Canada's Institute for Research in Construction (a part of the National Research Council and publisher of Canada's model building code – NBC) requires a special test regime for firestops for plastic pipe penetrants. Fire endurance tests for this application must be run under 50Pa positive furnace pressure in order to adequately simulate the effect of potential temperature differences between indoor and outdoor temperatures in Canada's winters. Special hoods are applied here to provide suction on the top side of a test assembly in order to reach the 50Pa pressure differential. Afterwards, a 30PSI hose-stream test may be applied.

Outdoor spray fireproofing methods that must be qualified to the hydrocarbon curve may be required to pass a host of environmental tests before any burn takes place, to minimize the likelihood of ordinary operational environments rendering a vital system component useless before it ever encounters a fire.

If critical environmental conditions are not satisfied, an assembly may not be eligible for a fire-resistance rating.

==Tests for fire resistance of record protection equipment==
The following classifications may be attained when testing in accordance with UL 72.

===Class 125 Rating===
This rating is the requirement in data safes and vault structures for protecting digital information on magnetic media or hard drives. Temperatures inside the protected chamber must be held below 125 F for the time period specified, such as Class 125-2 Hour, with temperatures up to 2000 F outside the vault. The temperature reading is taken on the inside surfaces of the protective structure. Maintaining the temperature below 125 °F is critical because data is lost above that temperature threshold, even if the media or hard drives appear to be intact.

===Class 150 Rating===
This is the rating required to protect microfilm, microfiche, and other film-based information storage media. Above 150 F film is distorted by the heat and information is lost. A Class 150-2 Hour vault must keep the temperature below 150 °F for at least two hours, with temperatures up to 2000 F outside the vault.

===Class 350 Rating===
This rating is the requirement for protecting paper documents. Above 350 F paper is distorted by the heat and information is lost. A Class 350-4 Hour vault must keep the temperature below 350 °F for at least four hours, with temperatures up to 2000 F outside the vault.

==Different time/temperature curves==
Typically, most countries use the building elements curve for residential and commercial spaces, which is nearly identical in most countries as that is what results by burning wood. The building elements curve is characterized jointly by, including, but not limited to, DIN4102, BS476, ASTM E119, ULC-S101, etc. For industrial facilities in the hydrocarbon and petrochemical industries, a hydrocarbon curve (such as UL 1709) is used, reflecting a more rapid temperature rise.
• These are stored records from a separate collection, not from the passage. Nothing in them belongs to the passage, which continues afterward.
lemma card_collision_pairs_ge:
  fixes \<mu> :: "'a \<Rightarrow> 'c::linorder"
  assumes "finite X" "inj_on g Z" "g ` Z \<subseteq> collision_pairs f X"
    and increasing: "\<And>z. z \<in> Z \<Longrightarrow> \<mu> (fst (g z)) < \<mu> (snd (g z))"
  shows "card X + 2 * card Z \<le> card (collision_pairs f X)"
proof -
  let ?D = "(\<lambda>x. (x, x)) ` X" and ?A = "g ` Z" and ?B = "prod.swap ` g ` Z"
  have finite: "finite ?D" "finite ?A" "finite ?B"
    using assms(1,3) finite_collision_pairs finite_subset by blast+
  have "(x, x) \<notin> ?A" for x
    using increasing by (metis fst_conv snd_conv imageE less_irrefl)
  moreover have "p \<notin> ?A \<and> (\<forall>x. p \<noteq> (x, x))" if "p \<in> ?B" for p
    using that increasing by (auto simp: image_iff)
      (metis fst_swap snd_swap less_asym, metis fst_conv snd_conv fst_swap snd_swap less_asym)
  ultimately have disjoint: "?D \<inter> ?A = {}" "(?D \<union> ?A) \<inter> ?B = {}"
    by blast+
  have "card ?B = card ?A"
    by (simp add: card_image)
  then have "card X + 2 * card Z = card ?D + card ?A + card ?B"
    using assms(2) by (simp add: card_image inj_on_def)
  also have "\<dots> = card (?D \<union> ?A \<union> ?B)"
    using finite disjoint by (simp add: card_Un_disjoint)
  also have "\<dots> \<le> card (collision_pairs f X)"
    by (rule card_mono[OF finite_collision_pairs[OF assms(1)]])
      (use assms(3) in \<open>auto simp: collision_pairs_def\<close>)
  finally show ?thesis .
qed

lemma card_collision_pairs_bij_betw:
  assumes "bij_betw h X X'" and "\<And>x y. x \<in> X \<Longrightarrow> y \<in> X \<Longrightarrow> f x = f y \<longleftrightarrow> g (h x) = g (h y)"
  shows "card (collision_pairs f X) = card (collision_pairs g X')"
proof -
  have "inj_on (map_prod h h) (collision_pairs f X)"
    by (rule inj_on_subset[OF map_prod_inj_on])
      (use assms(1) in \<open>auto simp: bij_betw_def collision_pairs_def\<close>)
  moreover have "map_prod h h ` collision_pairs f X = collision_pairs g X'"
  proof
    show "map_prod h h ` collision_pairs f X \<subseteq> collision_pairs g X'"
      using assms bij_betwE by (fastforce simp: collision_pairs_def)
    show "collision_pairs g X' \<subseteq> map_prod h h ` collision_pairs f X"
    proof clarify
      fix x' y' assume xy: "(x', y') \<in> collision_pairs g X'"
      then obtain x y where "x \<in> X" "y \<in> X" "x' = h x" "y' = h y"
        using assms(1) unfolding collision_pairs_def bij_betw_def by blast
      then show "(x', y') \<in> map_prod h h ` collision_pairs f X"
        using xy assms(2) by (force simp: collision_pairs_def)
    qed
  qed
  ultimately show ?thesis
    by (metis card_image)
qed

section \<open>Partitions as multisets\<close>

definition mset_partitions :: "nat \<Rightarrow> nat multiset set" where
  "mset_partitions n = {M. (\<forall>x\<in>#M. 0 < x) \<and> sum_mset M = n}"

lemma replicate_one_in_mset_partitions: "replicate_mset n 1 \<in> mset_partitions n"
  by (simp add: mset_partitions_def sum_mset_replicate_mset)

lemma rev_sort_eq: "sorted (rev xs) \<Longrightarrow> rev (sort xs) = xs"
  by (metis properties_for_sort mset_rev rev_rev_ident)

lemma rev_sorted_list_of_multiset_in_Part:
  "M \<in> mset_partitions n \<Longrightarrow> rev (sorted_list_of_multiset M) \<in> Part n"
  by (auto simp: mset_partitions_def Part_def sum_mset_sum_list[symmetric])

lemma bij_betw_mset_Part: "bij_betw mset (Part n) (mset_partitions n)"
proof (rule bij_betwI[where g = "\<lambda>M. rev (sorted_list_of_multiset M)"])
  show "mset \<in> Part n \<rightarrow> mset_partitions n"
    by (auto simp: Part_def mset_partitions_def sum_mset_sum_list)
  show "(\<lambda>M. rev (sorted_list_of_multiset M)) \<in> mset_partitions n \<rightarrow> Part n"
    using rev_sorted_list_of_multiset_in_Part by blast
qed (auto simp: Part_def rev_sort_eq)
The only commonly used exposure beyond this, apart from the more recent tunnel curves shown above, would be the jet fire exposure standards such as ISO 22899, which are used where equipment may be subject to the extreme heat and momentum effects of jet fire exposure.
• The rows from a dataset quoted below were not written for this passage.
(* Let $F$ be a nontrivial finite group, $\tfrac12<p<1$, $\lambda=\frac{p}{1-p}$, and let $R_n=((L_n(i))_i,S_n)$ be the stationary random walk on $F\wr\mathbb{Z}$ with parameter $p$. Let $\rho_0=0$, $\rho_k=\inf\{n>\rho_{k-1}:S_n=0\}$, and $N_k^+=|\{1\le j\le k: S_{\rho_{j-1}+1}>0\}|$. Then for every $k\ge1$ and $0\le m\le k$, \[\Pr(R_{\rho_k}=\mathrm{id}\mid N_k^+=m)=\frac{(|F|-1)^2}{|F|}\left(\sum_{a=1}^{\infty}|F|^{-a}\Big(1-\frac{\lambda-1}{\lambda^a-1}\Big)^m\right)\left(\sum_{b=1}^{\infty}|F|^{-b}\Big(1-\frac{\lambda-1}{\lambda^b-1}\Big)^{k-m}\right).\]
   Context: Elements of $F\wr\mathbb{Z}$ are pairs $((L(i))_{i\in\mathbb{Z}},x)$ with $L:\mathbb{Z}\to F$ finitely supported and $x\in\mathbb{Z}$; $\mathrm{id}$ has all lamps $\mathrm{id}_F$ and $x=0$. $(S_n)$ is the Markov chain on $\mathbb{Z}$ with $S_0=0$ and $\Pr(S_{n+1}=x+1\mid S_n=x)$ equal to $p,\tfrac12,1-p$ for $x<0,x=0,x>0$ respectively, and $\Pr(S_{n+1}=x-1\mid S_n=x)$ equal to $1-p,\tfrac12,p$ respectively. $(U_n,V_n)_{n\ge1}$ are i.i.d. pairs of independent uniform elements of $F$, independent of $(S_n)$; $L_0\equiv\mathrm{id}_F$, $L_{n+1}(i)=L_n(i)$ for $i\notin\{S_n,S_{n+1}\}$, $L_{n+1}(S_n)=U_{n+1}$, $L_{n+1}(S_{n+1})=V_{n+1}$. Convention $0^0=1$. *)

theory Defs
  imports "HOL-Probability.Probability"
begin

text \<open>Lamplighter group F wr Z: elements are pairs (L, x) with L :: int => 'f finitely
  supported and x :: int.  The finite group F is modelled by a type 'f of class
  group_add (not necessarily commutative); its identity element is 0.\<close>

definition step_pmf :: "real \<Rightarrow> ((bool \<times> bool) \<times> ('f::finite \<times> 'f)) pmf" where
  "step_pmf p = pair_pmf (pair_pmf (bernoulli_pmf p) (bernoulli_pmf (1/2)))
                         (pair_pmf (pmf_of_set UNIV) (pmf_of_set UNIV))"

definition walk_step :: "int \<Rightarrow> bool \<times> bool \<Rightarrow> int" where
  "walk_step x c =
     (if x < 0 then (if fst c then x + 1 else x - 1)
      else if x = 0 then (if snd c then x + 1 else x - 1)
      else (if fst c then x - 1 else x + 1))"

text \<open>The underlying probability space: i.i.d. innovations; the n-th entry of the stream
  drives step n -> n+1.\<close>
definition lamp_space :: "real \<Rightarrow> ((bool \<times> bool) \<times> ('f::finite \<times> 'f)) stream measure" where
  "lamp_space p = stream_space (measure_pmf (step_pmf p))"

fun lpos :: "((bool \<times> bool) \<times> ('f \<times> 'f)) stream \<Rightarrow> nat \<Rightarrow> int" where
  "lpos \<omega> 0 = 0"
| "lpos \<omega> (Suc n) = walk_step (lpos \<omega> n) (fst (\<omega> !! n))"

fun lamps :: "((bool \<times> bool) \<times> ('f::group_add \<times> 'f)) stream \<Rightarrow> nat \<Rightarrow> int \<Rightarrow> 'f" where
  "lamps \<omega> 0 = (\<lambda>i. 0)"
| "lamps \<omega> (Suc n) =
     ((lamps \<omega> n)(lpos \<omega> n := fst (snd (\<omega> !! n))))
        (lpos \<omega> (Suc n) := snd (snd (\<omega> !! n)))"

definition lstate :: "((bool \<times> bool) \<times> ('f::group_add \<times> 'f)) stream \<Rightarrow> nat \<Rightarrow> (int \<Rightarrow> 'f) \<times> int" where
  "lstate \<omega> n = (lamps \<omega> n, lpos \<omega> n)"

text \<open>Return times: rho_0 = 0, rho_{k+1} = inf {n > rho_k. S_n = 0}
  (these are almost surely finite since the walk is recurrent).\<close>
fun rho :: "((bool \<times> bool) \<times> ('f \<times> 'f)) stream \<Rightarrow> nat \<Rightarrow> nat" where
  "rho \<omega> 0 = 0"
| "rho \<omega> (Suc k) = (LEAST n. rho \<omega> k < n \<and> lpos \<omega> n = 0)"

definition Nplus :: "((bool \<times> bool) \<times> ('f \<times> 'f)) stream \<Rightarrow> nat \<Rightarrow> nat" where
  "Nplus \<omega> k = card {j \<in> {1..k}. lpos \<omega> (rho \<omega> (j - 1) + 1) > 0}"

end

theory Submission
  imports Defs
begin

text \<open>Stop the walk at its \<open>k\<close>-th return to 0 and record how many of the \<open>k\<close> excursions
  started upwards. Since the walk is pushed towards 0 it returns almost surely, so this count is
  \<open>N\<^sub>k\<^sup>+\<close>, and by the symmetric step at 0 it is binomial with parameter 1/2. Given the path,
  every visited site carries a fresh uniform lamp at time \<open>\<rho>\<^sub>k\<close> (it was rewritten when the
  lamplighter last left it or arrived at it), so all lamps are off with probability
  \<open>|F|^-(H + L + 1)\<close>, where \<open>[-L, H]\<close> is the visited interval. Writing this power as
  \<open>(|F| - 1)\<^sup>2 / |F|\<close> times \<open>\<Sum>a>H. \<Sum>b>L. |F|^-a |F|^-b\<close> reduces the problem to the
  probability that all excursions stay inside \<open>(-b, a)\<close> with \<open>m\<close> of them positive. By
  gambler's ruin a positive excursion stays below \<open>a\<close> with probability
  \<open>1 - (\<lambda> - 1) / (\<lambda>\<^sup>a - 1)\<close>, and similarly for negative ones, which gives
  \<open>C(k, m) / 2\<^sup>k\<close> times the product of the two series; dividing by
  \<open>P(N\<^sub>k\<^sup>+ = m) = C(k, m) / 2\<^sup>k\<close> yields the formula.\<close>

section \<open>Gambler's ruin and a binomial recurrence\<close>

text \<open>For the walk on \<open>{0..A}\<close> started at 1 that steps towards 0 with probability \<open>p\<close>, this is
  the probability of reaching 0 before \<open>A\<close>, where \<open>lam = p / (1 - p)\<close>.\<close>

definition ruin_prob :: "real \<Rightarrow> nat \<Rightarrow> real" where
  "ruin_prob lam A = 1 - (lam - 1) / (lam ^ A - 1)"

lemma ruin_prob_harmonic:
  fixes h :: "nat \<Rightarrow> real"
  assumes p: "0 < p" "p < 1" "p \<noteq> 1/2" and A: "1 \<le> A"
    and harmonic: "\<And>y. 0 < y \<Longrightarrow> y < A \<Longrightarrow> h y = p * h (y - 1) + (1 - p) * h (y + 1)"
    and absorbed: "h A = 0"
  shows "h 1 = h 0 * ruin_prob (p / (1 - p)) A"
proof -
  define lam where "lam = p / (1 - p)"
  have lam: "0 < lam" "lam \<noteq> 1" using p by (auto simp: lam_def field_simps)
  define d where "d y = h (Suc y) - h y" for y
  have d_Suc: "d (Suc y) = lam * d y" if "Suc y < A" for y
  proof -
    have "(1 - p) * d (Suc y) = p * d y"
      using harmonic[of "Suc y"] that by (simp add: d_def algebra_simps)
    then show ?thesis using p unfolding lam_def by (simp add: field_simps)
  qed
  have d_pow: "y < A \<Longrightarrow> d y = lam ^ y * d 0" for y
    by (induction y) (simp_all add: d_Suc)
  have "- h 0 = (\<Sum>y<A. d y)"
    unfolding d_def sum_lessThan_telescope absorbed by simp
  also have "\<dots> = (\<Sum>y<A. lam ^ y * d 0)"
    by (intro sum.cong refl d_pow) simp
  also have "\<dots> = (\<Sum>y<A. lam ^ y) * d 0"
    by (rule sum_distrib_right[symmetric])
  also have "(\<Sum>y<A. lam ^ y) = (lam ^ A - 1) / (lam - 1)"
    using lam by (simp add: sum_gp_strict field_simps)
  finally have "- h 0 = (lam ^ A - 1) / (lam - 1) * d 0" .
  moreover have "lam ^ A \<noteq> 1"
    using lam A power_eq_1_iff[of lam A] by auto
  ultimately have "d 0 = - h 0 * (lam - 1) / (lam ^ A - 1)"
    using lam by (simp add: field_simps)
  then show ?thesis
    by (simp add: d_def ruin_prob_def lam_def[symmetric] algebra_simps diff_divide_distrib)
qed

lemma ruin_prob_bounds:
  assumes "1 < lam" "0 < A"
  shows "0 \<le> ruin_prob lam A" "ruin_prob lam A \<le> 1"
proof -
  have "lam - 1 \<le> lam ^ A - 1"
    using power_increasing[of 1 A lam] assms by simp
  then show "0 \<le> ruin_prob lam A" "ruin_prob lam A \<le> 1"
    using assms by (auto simp: ruin_prob_def)
qed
During a fire in a tunnel, as well as in the petrochemical industry, temperatures exceed those of ordinary building (cellulosic) fires. This is because the fuel for the fire is hydrocarbons, which burn hotter (compare hydrocarbon curve above to ASTM E119 curve), faster and typically run out of fuel faster as well, compared against timber. The added complication with tunnels is that heat cannot escape as well as it can in open area. Instead, the fire is confined to a narrow tube, where pressure and heat build up and spread rapidly, with little room for escape and little chance of compartmentalization.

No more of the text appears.